Your instructions. When you transcribe the records that follow, reproduce each line exactly as given.
━━━━━ Provided data ━━━━━
(* Let $\mathrm{X}$ be a reflexive Banach space, let $\ell$ be a Schauder sequence space such that $\ell^*$ is also a Schauder sequence space, and let $F=\{f_i\}\subset\mathrm{X}$, $G=\{g_i\}\subset\mathrm{X}^*$. Then $(G,F)$ is an $(\ell,\ell^* )$-pair Bessel for $\mathrm{X}$ if and only if $(F,G)$ is an $(\ell^*,\ell)$-pair Bessel for $\mathrm{X}^*$, and in this case $S_{FG}^*=S_{GF}$. Likewise, $(G,F)$ is an $(\ell,\ell^* )$-pair frame for $\mathrm{X}$ if and only if $(F,G)$ is an $(\ell^*,\ell)$-pair frame for $\mathrm{X}^*$.
   Context: $\mathrm{X}^{**}$ is identified with $\mathrm{X}$ and $\langle f,g\rangle:=g(f)$. A BK-space is a Banach space of scalar sequences indexed by $\mathbb{N}$ with continuous coordinate functionals; a Schauder sequence space is a BK-space in which the canonical vectors $\delta_i$ form a Schauder basis; then $\ell^*$ is identified isometrically with the sequence space $\{\{\phi(\delta_i)\}:\phi\in\ell^*\}$, acting by $\phi(\{c_i\})=\sum_i\phi(\delta_i)c_i$, and $\ell$ is regarded as a subspace of $\ell^{**}$ in the same way. $G\subset\mathrm{X}^*$ is an $\ell$-Bessel for $\mathrm{X}$ if there is $B>0$ with $\{\langle f,g_i\rangle\}\in\ell$ and $\|\{\langle f,g_i\rangle\}\|_\ell\le B\|f\|$ for all $f\in\mathrm{X}$; $F\subset\mathrm{X}$ is an $\ell^*$-Bessel for $\mathrm{X}^*$ if there is $B>0$ with $\{\langle f_i,g\rangle\}\in\ell^*$ and $\|\{\langle f_i,g\rangle\}\|_{\ell^*}\le B\|g\|$ for all $g\in\mathrm{X}^*$. $(G,F)$ is an $(\ell,\ell^* )$-pair Bessel for $\mathrm{X}$ if $G$ is an $\ell$-Bessel for $\mathrm{X}$, $F$ is an $\ell^*$-Bessel for $\mathrm{X}^*$, and $S_{FG}(f)=\sum_i\langle f,g_i\rangle f_i$ converges for every $f\in\mathrm{X}$; it is an $(\ell,\ell^* )$-pair frame if moreover $S_{FG}$ is invertible. $(F,G)$ is an $(\ell^*,\ell)$-pair Bessel for $\mathrm{X}^*$ if $F$ is an $\ell^*$-Bessel for $\mathrm{X}^*$, $G$ is an $\ell$-Bessel for $\mathrm{X}=\mathrm{X}^{**}$, and $S_{GF}(g)=\sum_i\langle f_i,g\rangle g_i$ converges for every $g\in\mathrm{X}^*$; it is an $(\ell^*,\ell)$-pair frame if moreover $S_{GF}$ is invertible. *)

theory Defs
  imports "HOL-Analysis.Analysis"
begin

text \<open>Scalars are real. Sequences are functions nat => real; a sequence space is a set L of
sequences with a norm function N defined on L.\<close>

definition BK_space :: "(nat \<Rightarrow> real) set \<Rightarrow> ((nat \<Rightarrow> real) \<Rightarrow> real) \<Rightarrow> bool" where
  "BK_space L N \<longleftrightarrow>
     (\<lambda>i. 0) \<in> L \<and>
     (\<forall>x\<in>L. \<forall>y\<in>L. (\<lambda>i. x i + y i) \<in> L) \<and>
     (\<forall>a. \<forall>x\<in>L. (\<lambda>i. a * x i) \<in> L) \<and>
     (\<forall>x\<in>L. 0 \<le> N x) \<and>
     (\<forall>x\<in>L. N x = 0 \<longleftrightarrow> x = (\<lambda>i. 0)) \<and>
     (\<forall>x\<in>L. \<forall>y\<in>L. N (\<lambda>i. x i + y i) \<le> N x + N y) \<and>
     (\<forall>a. \<forall>x\<in>L. N (\<lambda>i. a * x i) = \<bar>a\<bar> * N x) \<and>
     (\<forall>s. (\<forall>n. s n \<in> L) \<and>
          (\<forall>e>0. \<exists>M. \<forall>m\<ge>M. \<forall>n\<ge>M. N (\<lambda>i. s m i - s n i) < e)
          \<longrightarrow> (\<exists>x\<in>L. (\<lambda>n. N (\<lambda>i. s n i - x i)) \<longlonglongrightarrow> 0)) \<and>
     (\<forall>i. \<exists>K. \<forall>x\<in>L. \<bar>x i\<bar> \<le> K * N x)"

definition delta :: "nat \<Rightarrow> nat \<Rightarrow> real" where
  "delta j = (\<lambda>i. if i = j then 1 else 0)"

text \<open>BK-space in which the canonical vectors form a Schauder basis (the coefficients
are necessarily the coordinates, by continuity of the coordinate functionals).\<close>
definition Schauder_space :: "(nat \<Rightarrow> real) set \<Rightarrow> ((nat \<Rightarrow> real) \<Rightarrow> real) \<Rightarrow> bool" where
  "Schauder_space L N \<longleftrightarrow> BK_space L N \<and> (\<forall>j. delta j \<in> L) \<and>
     (\<forall>x\<in>L. (\<lambda>n. N (\<lambda>i. x i - (\<Sum>j<n. x j * delta j i))) \<longlonglongrightarrow> 0)"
━━━━━
Answer section.
(* Let $\mathrm{X}$ be a reflexive Banach space, let $\ell$ be a Schauder sequence space such that $\ell^*$ is also a Schauder sequence space, and let $F=\{f_i\}\subset\mathrm{X}$, $G=\{g_i\}\subset\mathrm{X}^*$. Then $(G,F)$ is an $(\ell,\ell^* )$-pair Bessel for $\mathrm{X}$ if and only if $(F,G)$ is an $(\ell^*,\ell)$-pair Bessel for $\mathrm{X}^*$, and in this case $S_{FG}^*=S_{GF}$. Likewise, $(G,F)$ is an $(\ell,\ell^* )$-pair frame for $\mathrm{X}$ if and only if $(F,G)$ is an $(\ell^*,\ell)$-pair frame for $\mathrm{X}^*$.
   Context: $\mathrm{X}^{**}$ is identified with $\mathrm{X}$ and $\langle f,g\rangle:=g(f)$. A BK-space is a Banach space of scalar sequences indexed by $\mathbb{N}$ with continuous coordinate functionals; a Schauder sequence space is a BK-space in which the canonical vectors $\delta_i$ form a Schauder basis; then $\ell^*$ is identified isometrically with the sequence space $\{\{\phi(\delta_i)\}:\phi\in\ell^*\}$, acting by $\phi(\{c_i\})=\sum_i\phi(\delta_i)c_i$, and $\ell$ is regarded as a subspace of $\ell^{**}$ in the same way. $G\subset\mathrm{X}^*$ is an $\ell$-Bessel for $\mathrm{X}$ if there is $B>0$ with $\{\langle f,g_i\rangle\}\in\ell$ and $\|\{\langle f,g_i\rangle\}\|_\ell\le B\|f\|$ for all $f\in\mathrm{X}$; $F\subset\mathrm{X}$ is an $\ell^*$-Bessel for $\mathrm{X}^*$ if there is $B>0$ with $\{\langle f_i,g\rangle\}\in\ell^*$ and $\|\{\langle f_i,g\rangle\}\|_{\ell^*}\le B\|g\|$ for all $g\in\mathrm{X}^*$. $(G,F)$ is an $(\ell,\ell^* )$-pair Bessel for $\mathrm{X}$ if $G$ is an $\ell$-Bessel for $\mathrm{X}$, $F$ is an $\ell^*$-Bessel for $\mathrm{X}^*$, and $S_{FG}(f)=\sum_i\langle f,g_i\rangle f_i$ converges for every $f\in\mathrm{X}$; it is an $(\ell,\ell^* )$-pair frame if moreover $S_{FG}$ is invertible. $(F,G)$ is an $(\ell^*,\ell)$-pair Bessel for $\mathrm{X}^*$ if $F$ is an $\ell^*$-Bessel for $\mathrm{X}^*$, $G$ is an $\ell$-Bessel for $\mathrm{X}=\mathrm{X}^{**}$, and $S_{GF}(g)=\sum_i\langle f_i,g\rangle g_i$ converges for every $g\in\mathrm{X}^*$; it is an $(\ell^*,\ell)$-pair frame if moreover $S_{GF}$ is invertible. *)

theory Defs
  imports "HOL-Analysis.Analysis"
begin

text \<open>Scalars are real. Sequences are functions nat => real; a sequence space is a set L of
sequences with a norm function N defined on L.\<close>

definition BK_space :: "(nat \<Rightarrow> real) set \<Rightarrow> ((nat \<Rightarrow> real) \<Rightarrow> real) \<Rightarrow> bool" where
  "BK_space L N \<longleftrightarrow>
     (\<lambda>i. 0) \<in> L \<and>
     (\<forall>x\<in>L. \<forall>y\<in>L. (\<lambda>i. x i + y i) \<in> L) \<and>
     (\<forall>a. \<forall>x\<in>L. (\<lambda>i. a * x i) \<in> L) \<and>
     (\<forall>x\<in>L. 0 \<le> N x) \<and>
     (\<forall>x\<in>L. N x = 0 \<longleftrightarrow> x = (\<lambda>i. 0)) \<and>
     (\<forall>x\<in>L. \<forall>y\<in>L. N (\<lambda>i. x i + y i) \<le> N x + N y) \<and>
     (\<forall>a. \<forall>x\<in>L. N (\<lambda>i. a * x i) = \<bar>a\<bar> * N x) \<and>
     (\<forall>s. (\<forall>n. s n \<in> L) \<and>
          (\<forall>e>0. \<exists>M. \<forall>m\<ge>M. \<forall>n\<ge>M. N (\<lambda>i. s m i - s n i) < e)
          \<longrightarrow> (\<exists>x\<in>L. (\<lambda>n. N (\<lambda>i. s n i - x i)) \<longlonglongrightarrow> 0)) \<and>
     (\<forall>i. \<exists>K. \<forall>x\<in>L. \<bar>x i\<bar> \<le> K * N x)"

definition delta :: "nat \<Rightarrow> nat \<Rightarrow> real" where
  "delta j = (\<lambda>i. if i = j then 1 else 0)"

text \<open>BK-space in which the canonical vectors form a Schauder basis (the coefficients
are necessarily the coordinates, by continuity of the coordinate functionals).\<close>
definition Schauder_space :: "(nat \<Rightarrow> real) set \<Rightarrow> ((nat \<Rightarrow> real) \<Rightarrow> real) \<Rightarrow> bool" where
  "Schauder_space L N \<longleftrightarrow> BK_space L N \<and> (\<forall>j. delta j \<in> L) \<and>
     (\<forall>x\<in>L. (\<lambda>n. N (\<lambda>i. x i - (\<Sum>j<n. x j * delta j i))) \<longlonglongrightarrow> 0)"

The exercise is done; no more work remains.